Sao Paulo. Departure.
Our travel co-ordinator had warned us that the escape from Brazil might be tricky so we were up early this morning to allow plenty of time. Sadly his hunch was well founded, as pretty much every part of the journey proved torturous in extremis. The internet was down at the hotel so we couldn’t check in online (funny how, in such a short space of time, on-line check-in has become so much the norm that I now feel quite nervous showing up at an airport without boarding pass in hand.) There was hell traffic all the way to the airport and on arrival it transpired that the London flight was severely overbooked. There were about 40 of us booked onto this one flight and some of our party were being told that either they’d been down-graded or bumped off the flight altogether. Not great.
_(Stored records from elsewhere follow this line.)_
(* Let $n\in\{2,3\}$, $\gamma\in[1,n/2]$, $\gamma(n)=\frac{n(n-1)-n\gamma}{n-\gamma}$, and let $\rho\ge0$ on $\mathbb{R}^n$ satisfy $\|\rho\|_{L^1}+\|\rho\|_{L^\gamma}\le C_0$ if $\gamma>1$, or $\|\rho\|_{L^1}+\|\rho\ln(1+\rho)\|_{L^1}\le C_0$ if $\gamma=1$. Let $\alpha\in(0,1)$ with $\gamma(n)-n+1+\alpha<0$, let $\psi$ be a nonnegative $C^\infty$ function with compact support in $B_R$, and let $$\Omega=\{x\in B_R:\ \mathcal{M}\rho(s,x)\le s^{\gamma(n)+\alpha}\ \text{for } s\ge0\}.$$ Then $$\|I_1(\psi\rho)\|_{L^p(\Omega)}\le C(\gamma,n,\alpha)\quad\text{with}\quad p=\gamma\frac{\gamma(n)-n+\alpha}{\gamma(n)-n+1+\alpha}>n,$$ where $C(\gamma,n,\alpha)$ depends only on $\gamma,n,\alpha$ (and the bound $C_0$, and $R$).
   Context: $\mathcal{M}\rho(s,x)=\int_{|x-y|\le s}\rho(y)dy$; $I_1f(x)=\int_{\mathbb{R}^n}|x-y|^{1-n}f(y)dy$; $B_R$ is the ball of radius $R$ centred at $0$. *)

theory Defs
  imports "HOL-Analysis.Analysis"
begin

definition gamma_n :: "real \<Rightarrow> real \<Rightarrow> real" where
  "gamma_n n g = (n * (n - 1) - n * g) / (n - g)"

text \<open>C-infinity (smooth) real-valued functions on a Euclidean space:
  differentiable everywhere, and every directional derivative is again smooth.\<close>
coinductive smooth_fun :: "('a::euclidean_space \<Rightarrow> real) \<Rightarrow> bool" where
  "(\<forall>x. f differentiable (at x)) \<Longrightarrow>
   (\<forall>v. smooth_fun (\<lambda>x. frechet_derivative f (at x) v)) \<Longrightarrow> smooth_fun f"

definition maxM :: "('a::euclidean_space \<Rightarrow> real) \<Rightarrow> real \<Rightarrow> 'a \<Rightarrow> ennreal" where
  "maxM \<rho> s x = (\<integral>\<^sup>+ y \<in> cball x s. ennreal (\<rho> y) \<partial>lborel)"

definition I1 :: "('a::euclidean_space \<Rightarrow> real) \<Rightarrow> 'a \<Rightarrow> ennreal" where
  "I1 f x = (\<integral>\<^sup>+ y. ennreal (norm (x - y) powr (1 - real DIM('a)) * f y) \<partial>lborel)"

definition Lp_norm_on :: "'a::euclidean_space set \<Rightarrow> real \<Rightarrow> ('a \<Rightarrow> ennreal) \<Rightarrow> ennreal" where
  "Lp_norm_on S p f =
     (let J = (\<integral>\<^sup>+ x \<in> S. ennreal (enn2real (f x) powr p) \<partial>lborel) in
      if (AE x in lborel. x \<in> S \<longrightarrow> f x < \<infinity>) \<and> J < \<infinity>
      then ennreal (enn2real J powr (1 / p)) else \<infinity>)"

end

theory Submission
  imports Defs
begin

text \<open>
  At a point x of \<Omega>, split I1 \<rho> (x) into the near part (|x - y| < r) and the far part.
  Decomposing the far region into dyadic shells and using the Morrey bound
  M \<rho> (s, x) \<le> s^\<beta>, \<beta> = \<gamma>(n) + \<alpha>, bounds the far part by C r^\<epsilon> with \<epsilon> = \<beta> + 1 - n < 0;
  in the near part the values \<rho> \<le> \<mu> contribute at most c \<mu> r. Choosing r and \<mu> so that
  both terms equal \<lambda>/3 shows that I1 \<rho> (x) \<ge> \<lambda> forces the near potential of the upper
  truncation \<rho> [\<rho> > \<mu>] to be at least \<lambda>/3. Summing over the levels \<lambda> = 2^k with weights
  2^(k p) and integrating with Tonelli (the near potential of g has integral at most c r \<integral> g)
  bounds \<integral> over \<Omega> of (I1 \<rho>)^p by |B_R| plus the integral of
  \<Sum>k b^(k (\<gamma> - 1)) \<rho> [\<rho> > B b^k], where b = 2^q and p = \<gamma> q. Pointwise this series is at most
  C \<rho>^\<gamma> if \<gamma> > 1 and C (\<rho> + \<rho> ln (1 + \<rho>)) if \<gamma> = 1, which is controlled by C0.
  Finally \<psi> is bounded.
\<close>

lemma exists_dyadic_bracket:
  fixes x :: real assumes "1 \<le> x"
  shows "\<exists>j::nat. 2 powr real j \<le> x \<and> x < 2 powr (real j + 1)"
proof -
  define m where "m = floor (log 2 x)"
  have m0: "0 \<le> m" unfolding m_def using assms by simp
  have "real_of_int m \<le> log 2 x" "log 2 x < real_of_int m + 1" unfolding m_def by linarith+
  hence "2 powr real_of_int m \<le> 2 powr log 2 x" "2 powr log 2 x < 2 powr (real_of_int m + 1)"
    by (auto intro: powr_mono powr_less_mono)
  moreover have "2 powr log 2 x = x" using assms by simp
  moreover have "real (nat m) = real_of_int m" using m0 by simp
  ultimately show ?thesis by (intro exI[of _ "nat m"]) auto
qed
lemma closed_walk_iff_successively:
  "closed_walk E ws \<longleftrightarrow>
     ws \<noteq> [] \<and> successively (\<lambda>a b. (a, b) \<in> E) ws \<and> (last ws, hd ws) \<in> E"
proof (cases ws rule: rev_cases)
  case (snoc vs v)
  let ?n = "length vs"
  have "(\<forall>i < Suc ?n. (ws ! i, ws ! ((i + 1) mod Suc ?n)) \<in> E) \<longleftrightarrow>
      (\<forall>i < ?n. (ws ! i, ws ! Suc i) \<in> E) \<and> (ws ! ?n, ws ! 0) \<in> E"
    unfolding less_Suc_eq by auto
  moreover have "last ws = ws ! ?n" "hd ws = ws ! 0"
    using snoc by (simp_all add: hd_conv_nth)
  ultimately show ?thesis
    unfolding closed_walk_def successively_conv_nth using snoc by simp
qed (simp add: closed_walk_def)

lemma closed_walk_append:
  assumes "closed_walk E xs" "closed_walk E ys" "(last xs, hd ys) \<in> E" "(last ys, hd xs) \<in> E"
  shows "closed_walk E (xs @ ys)"
  using assms unfolding closed_walk_iff_successively by (simp add: successively_append_iff)

lemma closed_walk_replicate:
  assumes "closed_walk E ws" "p > 0"
  shows "closed_walk E (concat (replicate p ws))"
proof -
  have ends: "ws \<noteq> []" "(last ws, hd ws) \<in> E"
    using assms(1) unfolding closed_walk_iff_successively by auto
  have "closed_walk E (concat (replicate (Suc q) ws))" for q
  proof (induction q)
    case (Suc q)
    have "concat (replicate (Suc q) ws) = concat (replicate q ws) @ ws"
      by (induction q) auto
    then have "last (concat (replicate (Suc q) ws)) = last ws"
      using ends by simp
    moreover have "hd (concat (replicate (Suc q) ws)) = hd ws"
      using ends by simp
    ultimately show ?case
      using closed_walk_append[OF assms(1) Suc] ends by simp
  qed (use assms(1) in simp)
  then show ?thesis
    using assms(2) gr0_implies_Suc by blast
qed

lemma closed_walk_edge_source:
  assumes "closed_walk E ws" "A \<in> set ws"
  shows "\<exists>B. (A, B) \<in> E"
  using assms unfolding closed_walk_def by (metis in_set_conv_nth)

lemma closed_walk_snoc_idle:
  assumes "closed_walk (sched_edges I D T) ws"
  shows "closed_walk (sched_edges I D T) (ws @ [idle_block])"
proof -
  let ?E = "sched_edges I D T"
  have "ws \<noteq> []"
    using assms unfolding closed_walk_def by simp
  then obtain B C where "(last ws, B) \<in> ?E" "(hd ws, C) \<in> ?E"
    using assms closed_walk_edge_source by (metis last_in_set hd_in_set)
  then have "(last ws, idle_block) \<in> ?E" "(idle_block, hd ws) \<in> ?E"
    "(idle_block, idle_block) \<in> ?E"
    using sched_edge_to_idle sched_edge_from_idle by metis+
  then show ?thesis
    using assms by (intro closed_walk_append) (simp_all add: closed_walk_def)
qed

definition periodic_schedule :: "('l \<Rightarrow> nat \<Rightarrow> bool) list \<Rightarrow> nat \<Rightarrow> 'l \<Rightarrow> int \<Rightarrow> bool" where
  "periodic_schedule ws T l t =
     (ws ! nat ((t div int T) mod int (length ws))) l (nat (t mod int T))"

lemma periodic_schedule_at:
  assumes "0 \<le> j" "j < int T"
  shows "periodic_schedule ws T l (m * int T + j) = (ws ! nat (m mod int (length ws))) l (nat j)"
proof -
  have "(m * int T + j) div int T = m" "(m * int T + j) mod int T = j"
    using assms by simp_all
  then show ?thesis
    unfolding periodic_schedule_def by simp
qed

lemma nat_mod_add_one:
  assumes "k > 0"
  shows "nat ((m + 1) mod int k) = (nat (m mod int k) + 1) mod k"
proof -
  have "(m + 1) mod int k = (m mod int k + 1) mod int k"
    by (simp add: mod_add_left_eq)
  also have "\<dots> = int ((nat (m mod int k) + 1) mod k)"
    using assms by (simp add: zmod_int add.commute)
  finally show ?thesis
    by simp
qed

text \<open>Any window of \<open>2 T\<close> slots starting at a block boundary is covered by one edge of the
  scheduling graph, hence by a (shifted) collision-free schedule.\<close>

lemma periodic_schedule_window:
  assumes "closed_walk (sched_edges I D T) ws"
  shows "\<exists>S. collision_free I D S \<and>
    (\<forall>l s. m * int T \<le> s \<and> s < m * int T + 2 * int T \<longrightarrow> periodic_schedule ws T l s = S l s)"
proof -
  define k where "k = length ws"
  have k: "k > 0"
    using assms unfolding closed_walk_def k_def by simp
  define i where "i = nat (m mod int k)"
  have "i < k"
    using k unfolding i_def by (simp add: nat_less_iff)
  then have "(ws ! i, ws ! ((i + 1) mod k)) \<in> sched_edges I D T"
    using assms unfolding closed_walk_def k_def by simp
  then obtain S0 where S0: "collision_free I D S0"
    "ws ! i = block S0 T 0" "ws ! ((i + 1) mod k) = block S0 T 1"
    unfolding sched_edges_def by auto
  have next_block: "nat ((m + 1) mod int k) = (i + 1) mod k"
    unfolding i_def using k by (rule nat_mod_add_one)
  show ?thesis
  proof (intro exI conjI allI impI)
    show "collision_free I D (\<lambda>l s. S0 l (s + - (m * int T)))"
      using S0(1) by (rule collision_free_shift)
    fix l s
    assume s: "m * int T \<le> s \<and> s < m * int T + 2 * int T"
    define j where "j = s - m * int T"
    consider "j < int T" | "int T \<le> j"
      by linarith
    then show "periodic_schedule ws T l s = S0 l (s + - (m * int T))"
    proof cases
      case 1
      have "s = m * int T + j" "0 \<le> j"
        using s unfolding j_def by simp_all
      then show ?thesis
        using periodic_schedule_at[of j T ws l m] 1 S0(2)
        unfolding i_def k_def j_def block_def by (simp add: nat_less_iff)
    next
      case 2
      have "s = (m + 1) * int T + (j - int T)" "j - int T < int T"
        using s unfolding j_def by (simp_all add: algebra_simps)
      then show ?thesis
        using periodic_schedule_at[of "j - int T" T ws l "m + 1"] 2 S0(3) next_block
        unfolding k_def j_def block_def by (simp add: nat_less_iff algebra_simps)
    qed
  qed
qed

lemma collision_free_periodic_schedule:
  fixes I :: "'l::finite \<Rightarrow> 'l set set"
  assumes "closed_walk (sched_edges I D T) ws" "T > 0" "2 * character I D \<le> int T"
  shows "collision_free I D (periodic_schedule ws T)"
proof (rule collision_free_if_locally)
  fix t
  define c where "c = character I D"
  have "0 \<le> c"
    unfolding c_def by (rule character_nonneg)
  define q r where "q = t div int T" and "r = t mod int T"
  have t: "t = q * int T + r" and r: "0 \<le> r" "r < int T"
    unfolding q_def r_def using assms(2) by simp_all
  obtain m where m: "m * int T \<le> t - c" "t + c < m * int T + 2 * int T"
  proof (cases "c \<le> r")
    case True
    show ?thesis
      by (rule that[of q]) (use True t r assms(3) in \<open>simp_all add: c_def\<close>)
  next
    case False
    have "(q - 1) * int T = q * int T - int T"
      by (simp add: algebra_simps)
    then show ?thesis
      using that[of "q - 1"] False t r assms(3) \<open>0 \<le> c\<close> unfolding c_def by linarith
  qed
  obtain S where S: "collision_free I D S"
    "\<And>l s. m * int T \<le> s \<Longrightarrow> s < m * int T + 2 * int T \<Longrightarrow> periodic_schedule ws T l s = S l s"
    using periodic_schedule_window[OF assms(1), of m] by blast
  have "periodic_schedule ws T l s = S l s" if "\<bar>s - t\<bar> \<le> c" for l s
    using that m by (intro S(2)) auto
  then show "\<exists>S. collision_free I D S \<and>
      (\<forall>l s. \<bar>s - t\<bar> \<le> character I D \<longrightarrow> periodic_schedule ws T l s = S l s)"
    using S(1) unfolding c_def by blast
qed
I dodged the bullet, so after some time queuing at the check-in counter found myself in possession of a boarding pass. This queue, it turns out, was merely the appetizer for first the security screening line and then, most spectacularly, passport control. Despite it being a busy time there were just three clerks processing out-going foreigners, which made for a queue of epic proportions, winding back and forth on itself seven times. Many of our crew were in this line so at least there were moments of comic relief as we passed each other time and time again as the queue shuffled on. An hour later I finally made it to the front, from where I could see a couple of our video lads just joining the very back, having sloped off for a post check-in smoke. That might turn out to be a very costly cigarette.
We made it through with 15 minutes to spare so gathered in the closest bar to our gate where we helped each other get rid of any remaining local currency. This was the moment when I realised I hadn’t even seen any Brazilian currency since we arrived six days ago. It’s been so full-on that I have seen nothing apart from the inside of the hotel, the inside of the stadium and of course the inside of a CT scanner at the Albert Einstein hospital.
The flight was fine, if long. I watched “Fair Game” the Sean Penn film about the Valerie Plame affair, which was very good, despite the pain of being reminded of the wiles of the Bush administration. I finished The Geography of Bliss by Eric Weiner, which is a great read and finally passed out. We’ve three weeks now until the final furlong of the 360 tour. This last leg (Mexico / North America) is a long one but even so it's strange to really take on board that the end is in sight for our five-year mission. This may necessitate an amount of adjustment.